Personal information
- Full name: Nathan Júnior Soares de Carvalho
- Date of birth: 10 March 1989 (age 37)
- Place of birth: Rio de Janeiro, Brazil
- Height: 1.84 m (6 ft 0 in)
- Position: Striker

Team information
- Current team: Telavi
- Number: 19

Youth career
- 0000–2005: Flamengo
- 2005–2008: Anorthosis Famagusta

Senior career*
- Years: Team / Apps / (Gls)
- 2008–2012: Skonto Riga / 69 / (45)
- 2008: → Olimps (loan) / 15 / (0)
- 2012: Kapfenberger SV / 13 / (0)
- 2012–2013: Dila Gori / 20 / (5)
- 2013–2015: SKA-Energiya Khabarovsk / 41 / (15)
- 2015–2016: Tondela / 34 / (13)
- 2016–2017: Al-Fateh / 20 / (5)
- 2018: Tokushima Vortis / 0 / (0)
- 2019: Paços Ferreira / 1 / (0)
- 2020: Académico Viseu / 3 / (0)
- 2020–2021: Samtredia / 23 / (3)
- 2021–: Telavi / 15 / (1)

= Nathan Júnior =

Brazilian footballer

 Nathan Júnior Soares de Carvalho (born 10 March 1989) is a Brazilian professional footballer who plays as a striker for FC Telavi in Georgia.

==Club career==

===Early career===
Born in Rio de Janeiro, as a teenager, Nathan Júnior played for his local club Clube de Regatas do Flamengo, and was a member of the club's system.
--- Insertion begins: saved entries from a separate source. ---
text \<open>The joint hypograph
  is separated from the quadrant above the max-min value by a hyperplane whose normal gives
  the weights.\<close>

lemma two_function_minimax:
  fixes Z :: "'z::real_normed_vector set" and f1 f2 :: "'z \<Rightarrow> real"
  assumes Z: "compact Z" "Z \<noteq> {}"
    and cont: "continuous_on Z f1" "continuous_on Z f2"
    and conc: "concave_on Z f1" "concave_on Z f2"
    and cover: "\<forall>z\<in>Z. f1 z < c \<or> f2 z < c"
  obtains u where "0 \<le> u" "u \<le> 1" "\<forall>z\<in>Z. u * f1 z + (1 - u) * f2 z < c"
proof -
  obtain z0 where "z0 \<in> Z" and z0: "\<forall>z\<in>Z. min (f1 z) (f2 z) \<le> min (f1 z0) (f2 z0)"
    using continuous_attains_sup[OF Z continuous_on_min[OF cont]] by blast
  define m where "m = min (f1 z0) (f2 z0)"
  have "m < c" using cover \<open>z0 \<in> Z\<close> by (auto simp: m_def)
  define C where "C = {q :: real \<times> real. \<exists>z\<in>Z. fst q \<le> f1 z \<and> snd q \<le> f2 z}"
  define D where "D = {m<..} \<times> {m<..}"
  have "C \<inter> D = {}" using z0 by (fastforce simp: C_def D_def m_def)
  moreover have "convex C" unfolding C_def using convex_joint_hypograph[OF conc] .
  moreover have "convex D" unfolding D_def by (intro convex_Times) auto
  moreover have "(f1 z0, f2 z0) \<in> C" using \<open>z0 \<in> Z\<close> by (auto simp: C_def)
  moreover have "(m + 1, m + 1) \<in> D" by (simp add: D_def)
  ultimately obtain a b where "a \<noteq> 0" and below: "\<forall>q\<in>C. inner a q \<le> b" and above: "\<forall>q\<in>D. b \<le> inner a q"
    using separating_hyperplane_sets[of C D] by blast
  obtain a1 a2 where a: "a = (a1, a2)" by (cases a)
  have "b \<le> a1 * s + a2 * t" if "m < s" "m < t" for s t
    using above that by (auto simp: D_def a)
  then have a1: "0 \<le> a1" and a2: "0 \<le> a2" and bm: "b \<le> (a1 + a2) * m"
    using quadrant_in_halfplane by blast+
  have "0 < a1 + a2" using a1 a2 \<open>a \<noteq> 0\<close> by (auto simp: a zero_prod_def)
  define u where "u = a1 / (a1 + a2)"
  have "1 - u = a2 / (a1 + a2)" using \<open>0 < a1 + a2\<close> by (simp add: u_def field_simps)
  show thesis
  proof
    show "0 \<le> u" "u \<le> 1" using a1 a2 \<open>0 < a1 + a2\<close> by (auto simp: u_def)
    show "\<forall>z\<in>Z. u * f1 z + (1 - u) * f2 z < c"
    proof
      fix z assume "z \<in> Z"
      then have "a1 * f1 z + a2 * f2 z \<le> (a1 + a2) * m"
        using below bm by (force simp: C_def a)
      moreover have "u * f1 z + (1 - u) * f2 z = (a1 * f1 z + a2 * f2 z) / (a1 + a2)"
        unfolding \<open>1 - u = a2 / (a1 + a2)\<close> by (simp add: u_def add_divide_distrib)
      ultimately have "u * f1 z + (1 - u) * f2 z \<le> m"
        using \<open>0 < a1 + a2\<close> by (simp add: divide_le_eq mult.commute)
      then show "u * f1 z + (1 - u) * f2 z < c" using \<open>m < c\<close> by simp
    qed
  qed
qed

lemma superlevel_set_compact:
  fixes Z :: "'z::real_normed_vector set" and f :: "'z \<Rightarrow> real"
  assumes Z: "compact Z" and cont: "continuous_on Z f"
  shows "compact {z\<in>Z. c \<le> f z}"
proof -
  have "closed (Z \<inter> f -` {c..})"
    using Z cont compact_imp_closed by (intro continuous_closed_preimage) auto
  then have "compact (Z \<inter> (Z \<inter> f -` {c..}))" using Z by (intro compact_Int_closed)
  moreover have "Z \<inter> (Z \<inter> f -` {c..}) = {z\<in>Z. c \<le> f z}" by auto
  ultimately show ?thesis by simp
qed

lemma superlevel_set_convex:
  assumes conc: "concave_on Z f"
  shows "convex {z\<in>Z. c \<le> f z}"
proof (rule convexI)
  fix z1 z2 and u v :: real
  assume z: "z1 \<in> {z\<in>Z. c \<le> f z}" "z2 \<in> {z\<in>Z. c \<le> f z}" and uv: "0 \<le> u" "0 \<le> v" "u + v = 1"
  have "c = u * c + v * c" using uv by (simp flip: distrib_right)
  also have "\<dots> \<le> u * f z1 + v * f z2" using z uv by (intro add_mono mult_left_mono) auto
  also have "\<dots> \<le> f (u *\<^sub>R z1 + v *\<^sub>R z2)" using conc z uv unfolding concave_on_iff by auto
  finally show "u *\<^sub>R z1 + v *\<^sub>R z2 \<in> {z\<in>Z. c \<le> f z}"
    using concave_on_imp_convex[OF conc] z uv unfolding convex_def by auto
qed

lemma pair_cover_minimax:
  fixes L :: "'z::real_normed_vector \<Rightarrow> 'y \<Rightarrow> real"
  assumes convexlike: "\<And>y1 y2 u. y1 \<in> Y \<Longrightarrow> y2 \<in> Y \<Longrightarrow> 0 \<le> u \<Longrightarrow> u \<le> 1 \<Longrightarrow>
        \<exists>y\<in>Y. \<forall>z\<in>Z. L z y \<le> u * L z y1 + (1 - u) * L z y2"
    and cont: "\<And>y. y \<in> Y \<Longrightarrow> continuous_on Z (\<lambda>z. L z y)"
    and conc: "\<And>y. y \<in> Y \<Longrightarrow> concave_on Z (\<lambda>z. L z y)"
    and "compact Z" and y12: "y1 \<in> Y" "y2 \<in> Y"
    and cover: "\<forall>z\<in>Z. L z y1 < c \<or> L z y2 < c"
  shows "\<exists>y\<in>Y. \<forall>z\<in>Z. L z y < c"
proof (cases "Z = {}")
  case True
  then show ?thesis using y12 by blast
next
  case False
  obtain u where u: "0 \<le> u" "u \<le> 1" and below: "\<forall>z\<in>Z. u * L z y1 + (1 - u) * L z y2 < c"
    using two_function_minimax[OF \<open>compact Z\<close> False cont cont conc conc, OF y12 y12 cover] by blast
  obtain y where "y \<in> Y" and y: "\<forall>z\<in>Z. L z y \<le> u * L z y1 + (1 - u) * L z y2"
    using convexlike[OF y12 u] by blast
  have "L z y < c" if "z \<in> Z" for z
  proof -
    have "L z y \<le> u * L z y1 + (1 - u) * L z y2" using y that by blast
    also have "\<dots> < c" using below that by blast
    finally show ?thesis .
  qed
  then show ?thesis using \<open>y \<in> Y\<close> by blast
qed

text \<open>Induction on the cover: restricted to the compact convex superlevel set of one member
  x the remaining ones suffice, by induction, for some y'; then x and y' are merged.\<close>

lemma finite_cover_minimax:
  fixes L :: "'z::real_normed_vector \<Rightarrow> 'y \<Rightarrow> real"
  assumes convexlike: "\<And>y1 y2 u. y1 \<in> Y \<Longrightarrow> y2 \<in> Y \<Longrightarrow> 0 \<le> u \<Longrightarrow> u \<le> 1 \<Longrightarrow>
        \<exists>y\<in>Y. \<forall>z\<in>Z0. L z y \<le> u * L z y1 + (1 - u) * L z y2"
    and cont: "\<And>y. y \<in> Y \<Longrightarrow> continuous_on Z0 (\<lambda>z. L z y)"
    and conc: "\<And>y. y \<in> Y \<Longrightarrow> concave_on Z0 (\<lambda>z. L z y)"
    and S: "finite S" "S \<noteq> {}" "S \<subseteq> Y"
    and Z: "Z \<subseteq> Z0" "compact Z" "convex Z"
    and cover: "\<forall>z\<in>Z. \<exists>y\<in>S. L z y < c"
  shows "\<exists>y\<in>Y. \<forall>z\<in>Z. L z y < c"
  using S Z cover
proof (induction S arbitrary: Z rule: finite_ne_induct)
  case (singleton x)
  then have "x \<in> Y" "\<forall>z\<in>Z. L z x < c" by simp_all
  then show ?case by blast
next
  case (insert x S)
  then have "x \<in> Y" "S \<subseteq> Y" by simp_all
  from insert.prems have Z: "Z \<subseteq> Z0" "compact Z" "convex Z" and cover: "\<forall>z\<in>Z. \<exists>y\<in>insert x S. L z y < c"
    by simp_all
  have cont_Z: "continuous_on Z (\<lambda>z. L z y)" if "y \<in> Y" for y
    by (rule continuous_on_subset[OF cont[OF that] \<open>Z \<subseteq> Z0\<close>])
  have conc_Z: "concave_on Z (\<lambda>z. L z y)" if "y \<in> Y" for y
    using conc[OF that] Z unfolding concave_on_def by (blast intro: convex_on_subset)
  define Z' where "Z' = {z\<in>Z. c \<le> L z x}"
  have "compact Z'" "convex Z'"
    unfolding Z'_def using superlevel_set_compact[OF \<open>compact Z\<close> cont_Z] superlevel_set_convex[OF conc_Z]
      \<open>x \<in> Y\<close> by blast+
  moreover have "Z' \<subseteq> Z0" using Z by (auto simp: Z'_def)
  moreover have "\<forall>z\<in>Z'. \<exists>y\<in>S. L z y < c" using cover by (force simp: Z'_def)
  ultimately obtain y' where "y' \<in> Y" and y': "\<forall>z\<in>Z'. L z y' < c"
    using insert.IH[OF \<open>S \<subseteq> Y\<close> \<open>Z' \<subseteq> Z0\<close>] by blast
  have convexlike_Z: "\<exists>y\<in>Y. \<forall>z\<in>Z. L z y \<le> u * L z y1 + (1 - u) * L z y2"
    if "y1 \<in> Y" "y2 \<in> Y" "0 \<le> u" "u \<le> 1" for y1 y2 u
    using convexlike[OF that] \<open>Z \<subseteq> Z0\<close> by blast
  have "\<forall>z\<in>Z. L z x < c \<or> L z y' < c"
  proof
    fix z assume "z \<in> Z"
    then show "L z x < c \<or> L z y' < c" using y' by (cases "c \<le> L z x") (auto simp: Z'_def)
  qed
  then show ?case
    using pair_cover_minimax[where Y = Y and Z = Z and L = L, OF convexlike_Z cont_Z conc_Z
        \<open>compact Z\<close> \<open>x \<in> Y\<close> \<open>y' \<in> Y\<close>] by blast
qed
At the age of 16 he tried to get into the first team unsuccessfully and a year later got an offer to join Anorthosis Famagusta academy in Cyprus, which was accepted by the player, and in July 2005 he joined the Cypriot side, spending the next three seasons there.

===Skonto Riga===
With the help of former Anorthosis Famagusta player and Latvian international Marians Pahars, Júnior was taken on trial at Skonto Riga in July 2008. He signed a four-year contract, as the trial was successful. Right after joining, Júnior found it difficult to fit into the squad, as there were many experienced players, and was soon loaned out to Olimps/RFS. He played 15 matches that season and was mainly used in the right-back position.

In December 2008, Júnior returned to Skonto Riga and was mainly used as a late-game substitute by that time club's manager Paul Ashworth. In 2009 Skonto had a lack of forwards as two of them left right before the start of the season, and Júnior was tried out as a forward. He scored twice on his new position debut against Jūrmala-VV and later on remained in that position. He played 19 games and scored 5 goals in the 2009 season and was notified as a forward in the squad for the 2010 season. He made a big surprise in the upcoming season, scoring 18 goals in 24 league matches and sharing the top-scorer's honor with Liepājas Metalurgs striker Deniss Rakels, who had also netted 18 times, respectively. In 2010 Skonto became the champions of Latvia. After the impressive season Júnior went on trials with Maccabi Haifa in Israel, Dynamo Moscow in Russia, and Energie Cottbus in Germany but didn't settle there.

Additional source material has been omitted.